The latter point is especially important: the browser vendors have rallied around WebAuthn like no web technology before it. It seems the browser wars are finally over, at least on the face of it.

Things are not all peaches and cream, however. If you’re involved with software development, middleware deployment, or user support, you’ll appreciate the difficulty of managing passwords across the enterprise. You know that the use of password technology represents a significant cost but it's also true that the cost of password alternatives is quite often even greater. This (along with lingering usability issues) has prevented other authentication technologies from taking hold. Even multi-factor authentication, widely recognized to be superior to password alone, has been slow to take off. I think it’s safe to say that multi-factor authentication will never go mainstream as long as it’s based on traditional passwords.
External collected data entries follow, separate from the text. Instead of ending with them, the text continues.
(* Let $R$ be a commutative ring with unit and $f\in R$ a non-nilpotent element. Then the map $\mathrm{res}\colon\mathrm{prim}(R[f^{-1}])\to\mathrm{prim}(R)$, $I\mapsto I\cap R$, induces a homeomorphism onto its image, which is compact in $\mathrm{prim}(R)$. Moreover, for any finite family of non-nilpotent elements $f_1,\dots,f_m\in R$ generating the unit ideal, the sets $\mathrm{res}(\mathrm{prim}(R[f_i^{-1}]))$, $i=1,\dots,m$, form a finite compact cover of $\mathrm{prim}(R)$.
   Context: $\mathrm{Id}(R)$ denotes the set of proper ideals of $R$, endowed with the constructible topology (induced by the product topology on $\{0,1\}^R$ via characteristic functions); it is compact. $\mathrm{prim}(R)$ is the closure in $\mathrm{Id}(R)$ of the set of primary ideals of $R$. $I\cap R$ means the preimage of $I$ under the canonical map $R\to R[f^{-1}]$. *)

theory Defs
  imports "HOL-Analysis.Analysis" "HOL-Algebra.Algebra"
begin

definition proper_ideals :: "('a, 'b) ring_scheme \<Rightarrow> 'a set set" where
  "proper_ideals R = {I. ideal I R \<and> I \<noteq> carrier R}"

definition ideal_top :: "('a, 'b) ring_scheme \<Rightarrow> 'a set topology" where
  "ideal_top R = pullback_topology (proper_ideals R)
      (\<lambda>I. restrict (\<lambda>x. x \<in> I) (carrier R))
      (product_topology (\<lambda>_. discrete_topology (UNIV :: bool set)) (carrier R))"

definition primary_ideal :: "('a, 'b) ring_scheme \<Rightarrow> 'a set \<Rightarrow> bool" where
  "primary_ideal R I \<longleftrightarrow> ideal I R \<and> I \<noteq> carrier R \<and>
     (\<forall>a\<in>carrier R. \<forall>b\<in>carrier R. a \<otimes>\<^bsub>R\<^esub> b \<in> I \<longrightarrow> a \<notin> I \<longrightarrow>
        (\<exists>n::nat. b [^]\<^bsub>R\<^esub> n \<in> I))"

definition prim :: "('a, 'b) ring_scheme \<Rightarrow> 'a set set" where
  "prim R = (ideal_top R) closure_of {I. primary_ideal R I}"

section \<open>Localization R[f^-1] as fractions a/f^n\<close>

definition loc_rel :: "('a, 'b) ring_scheme \<Rightarrow> 'a \<Rightarrow> (('a \<times> nat) \<times> ('a \<times> nat)) set" where
  "loc_rel R f = {((a, n), (b, m)). a \<in> carrier R \<and> b \<in> carrier R \<and>
     (\<exists>k::nat. f [^]\<^bsub>R\<^esub> k \<otimes>\<^bsub>R\<^esub>
        (a \<otimes>\<^bsub>R\<^esub> f [^]\<^bsub>R\<^esub> m \<ominus>\<^bsub>R\<^esub> b \<otimes>\<^bsub>R\<^esub> f [^]\<^bsub>R\<^esub> n) = \<zero>\<^bsub>R\<^esub>)}"

definition loc_class :: "('a, 'b) ring_scheme \<Rightarrow> 'a \<Rightarrow> 'a \<times> nat \<Rightarrow> ('a \<times> nat) set" where
  "loc_class R f p = loc_rel R f `` {p}"

definition loc_rep :: "('a \<times> nat) set \<Rightarrow> 'a \<times> nat" where
  "loc_rep A = (SOME q. q \<in> A)"

definition loc_ring :: "('a, 'b) ring_scheme \<Rightarrow> 'a \<Rightarrow> ('a \<times> nat) set ring" where
  "loc_ring R f = \<lparr>
     carrier = (carrier R \<times> (UNIV :: nat set)) // loc_rel R f,
     monoid.mult = (\<lambda>U V. case loc_rep U of (a, n) \<Rightarrow> case loc_rep V of (b, m) \<Rightarrow>
                      loc_class R f (a \<otimes>\<^bsub>R\<^esub> b, n + m)),
     monoid.one = loc_class R f (\<one>\<^bsub>R\<^esub>, 0),
     ring.zero = loc_class R f (\<zero>\<^bsub>R\<^esub>, 0),
     ring.add = (\<lambda>U V. case loc_rep U of (a, n) \<Rightarrow> case loc_rep V of (b, m) \<Rightarrow>
                      loc_class R f (a \<otimes>\<^bsub>R\<^esub> f [^]\<^bsub>R\<^esub> m \<oplus>\<^bsub>R\<^esub> b \<otimes>\<^bsub>R\<^esub> f [^]\<^bsub>R\<^esub> n, n + m))
   \<rparr>"

definition loc_map :: "('a, 'b) ring_scheme \<Rightarrow> 'a \<Rightarrow> 'a \<Rightarrow> ('a \<times> nat) set" where
  "loc_map R f a = loc_class R f (a, 0)"

text \<open>res(I) = I \<inter> R, the preimage of I under the canonical map.\<close>
definition res :: "('a, 'b) ring_scheme \<Rightarrow> 'a \<Rightarrow> ('a \<times> nat) set set \<Rightarrow> 'a set" where
  "res R f I = {a \<in> carrier R. loc_map R f a \<in> I}"

end

theory Submission
  imports Defs
begin

(* Contracting ideals along a ring map h is continuous for the constructible topologies: whether a
   lies in the contraction of I is whether h a lies in I, a single coordinate of {0,1}^S. Contractions
   of primary ideals are primary, so by continuity res maps prim(R[f^-1]) into prim(R). The space of
   ideals of any ring is compact Hausdorff, being a closed subspace of {0,1}^R; hence prim(R[f^-1]) is
   compact, and res, which is injective because a/f^n and a/1 differ by a unit, is an
   embedding with compact image.
   For the cover, a primary ideal Q cannot contain a power of every f_i, for then its radical would
   contain the unit ideal generated by the f_i. If no power of f_i lies in Q, then Q is saturated
   with respect to f_i, so its extension to R[f_i^-1] is primary with contraction Q. Thus the finite
   union of the compact, hence closed, images contains all primary ideals, and so their closure. *)

section \<open>Ideals and radicals\<close>

lemma (in ring) idealI_closed:
  assumes "I \<subseteq> carrier R" "\<zero> \<in> I" "\<And>a b. a \<in> I \<Longrightarrow> b \<in> I \<Longrightarrow> a \<oplus> b \<in> I"
    and "\<And>a r. a \<in> I \<Longrightarrow> r \<in> carrier R \<Longrightarrow> r \<otimes> a \<in> I \<and> a \<otimes> r \<in> I"
  shows "ideal I R"
proof (rule idealI[OF ring_axioms])
  show "subgroup I (add_monoid R)"
  proof (rule add.subgroupI)
    fix a assume "a \<in> I"
    moreover have "\<ominus> a = \<ominus> \<one> \<otimes> a" using \<open>a \<in> I\<close> assms(1) by (auto simp: l_minus)
    ultimately show "\<ominus> a \<in> I" using assms(4) by simp
  qed (use assms in auto)
qed (use assms in auto)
WebAuthn has at least the following issues working against it:

  • WebAuthn has a high cost of deployment
  • The WebAuthn protocol is complicated, with numerous moving parts
  • Despite a widespread dislike for passwords, many users have 1) a healthy distrust of biometrics, while other users will 2) resist an extra carry
  • A WebAuthn authenticator is inherently not easily recovered from loss
  • All major platforms must support at least one WebAuthn-compatible browser

The latter is a potential showstopper. No amount of effort or creativity will work around a platform that lacks a suitable browser. A particularly important barometer of success is Apple iOS. If the WebAuthn implementation currently underway in Apple Safari goes to production, I think WebAuthn will have a decent chance of success.

For the sake of discussion, let’s assume every platform supports a WebAuthn-compatible browser. In addition to a browser, every device needs a platform authenticator. This is especially true of smartphones. As of today, the Android and Windows platforms are in pretty good shape whereas Mac OS and iOS are less so.

If a particular platform has no built-in authenticator, there’s still hope. For example, a laptop running Mac OS has no platform authenticator but a roaming authenticator with a nano USB interface neatly avoids an extra carry.

Even if all platforms have a built-in authenticator, we’re still not done since every user needs a master backup key (or some other way to recover from loss). There are many products that meet this need but all of them are portable. However, portability is an undesirable quality in a backup key, and so this remains an open issue.

All in all, things are looking pretty good on the client side but the server side is still lagging. In fact, very few WebAuthn relying parties exist at this time. Notable exceptions include Google, Microsoft, Dropbox, and login.gov.

Passwordless web authentication—like any new tech—has its own cost of deployment. Whether or not this hurdle can be overcome is an open question.